Saved data entries:

────────────────

text \<open>An unbounded stabilizer contains elements of arbitrarily large norm; a convergent
  subsequence of the associated unit directions gives a unipotent group fixing x0.\<close>

lemma unbounded_stabilizer_imp_unip_fixed:
  assumes "\<not> bounded (stabilizer act x0)"
  shows "\<exists>l. norm l = 1 \<and> (\<forall>s. act (unip l s) x0 = x0)"
proof -
  have "\<exists>p \<rho>. norm p = 1 \<and> \<rho> > real n \<and> (\<forall>s. dist (act (unip p s) x0) x0 \<le> unip_disp (s/\<rho>) x0)"
    for n
  proof -
    obtain h where h: "h \<in> stabilizer act x0" "norm h > sqrt (2 * real n)"
      using assms unfolding bounded_iff by (meson not_le)
    obtain a b c d where h_eq: "h = mat2 a b c d" by (rule mat2_cases)
    have "sqrt (2 * real n) ^ 2 < norm h ^ 2" using h by (intro power_strict_mono) auto
    then have "a^2 + b^2 + c^2 + d^2 > 2 * real n" by (simp add: h_eq norm_mat2)
    then show ?thesis using stabilizer_large_element h h_eq by simp
  qed
  then obtain P :: "nat \<Rightarrow> real^2" and R :: "nat \<Rightarrow> real"
    where P: "\<And>n. P n \<in> sphere 0 1" and R: "\<And>n. R n > real n"
      and bound: "\<And>n s. dist (act (unip (P n) s) x0) x0 \<le> unip_disp (s / R n) x0"
    by (metis mem_sphere_0)
  obtain l r where l: "l \<in> sphere 0 1" and r: "strict_mono r" and lim: "(P \<circ> r) \<longlonglongrightarrow> l"
    using compact_imp_seq_compact[OF compact_sphere, of 0 1] P by (elim seq_compactE) auto
  have "filterlim (R \<circ> r) at_top sequentially"
  proof (rule filterlim_at_top_mono[OF filterlim_real_sequentially], intro always_eventually allI)
    fix n
    show "real n \<le> (R \<circ> r) n" using seq_suble[OF r, of n] R[of "r n"] by simp
  qed
  then have "act (unip l s) x0 = x0" for s
    by (rule unip_fixed_of_limit[OF lim]) (simp add: bound)
  then show ?thesis using l by auto
qed

end

theorem theorem1p5:
  fixes act :: "real^2^2 \<Rightarrow> 'x::metric_space \<Rightarrow> 'x" and x0 :: 'x
  assumes "continuous_isometric_SL2_action act"
  shows "(\<forall>g\<in>SL2. act g x0 = x0) \<or> compact (stabilizer act x0)"
proof -
  interpret SL2_action act by (rule SL2_action.intro) (rule assms)
  show ?thesis
  proof (cases "bounded (stabilizer act x0)")
    case True
    then show ?thesis using closed_stabilizer compact_eq_bounded_closed by blast
  next
    case False
    then obtain l where "norm l = 1" "\<forall>s. act (unip l s) x0 = x0"
      using unbounded_stabilizer_imp_unip_fixed by blast
    then show ?thesis using unip_fixed_imp_fixed by blast
  qed
qed

end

────────────────

Work item:
With both ends included, please retype exactly the lines from the line containing "and x0 :: 'x" to the final line of the data.

Expected answer:
  fixes act :: "real^2^2 \<Rightarrow> 'x::metric_space \<Rightarrow> 'x" and x0 :: 'x
  assumes "continuous_isometric_SL2_action act"
  shows "(\<forall>g\<in>SL2. act g x0 = x0) \<or> compact (stabilizer act x0)"
proof -
  interpret SL2_action act by (rule SL2_action.intro) (rule assms)
  show ?thesis
  proof (cases "bounded (stabilizer act x0)")
    case True
    then show ?thesis using closed_stabilizer compact_eq_bounded_closed by blast
  next
    case False
    then obtain l where "norm l = 1" "\<forall>s. act (unip l s) x0 = x0"
      using unbounded_stabilizer_imp_unip_fixed by blast
    then show ?thesis using unip_fixed_imp_fixed by blast
  qed
qed

end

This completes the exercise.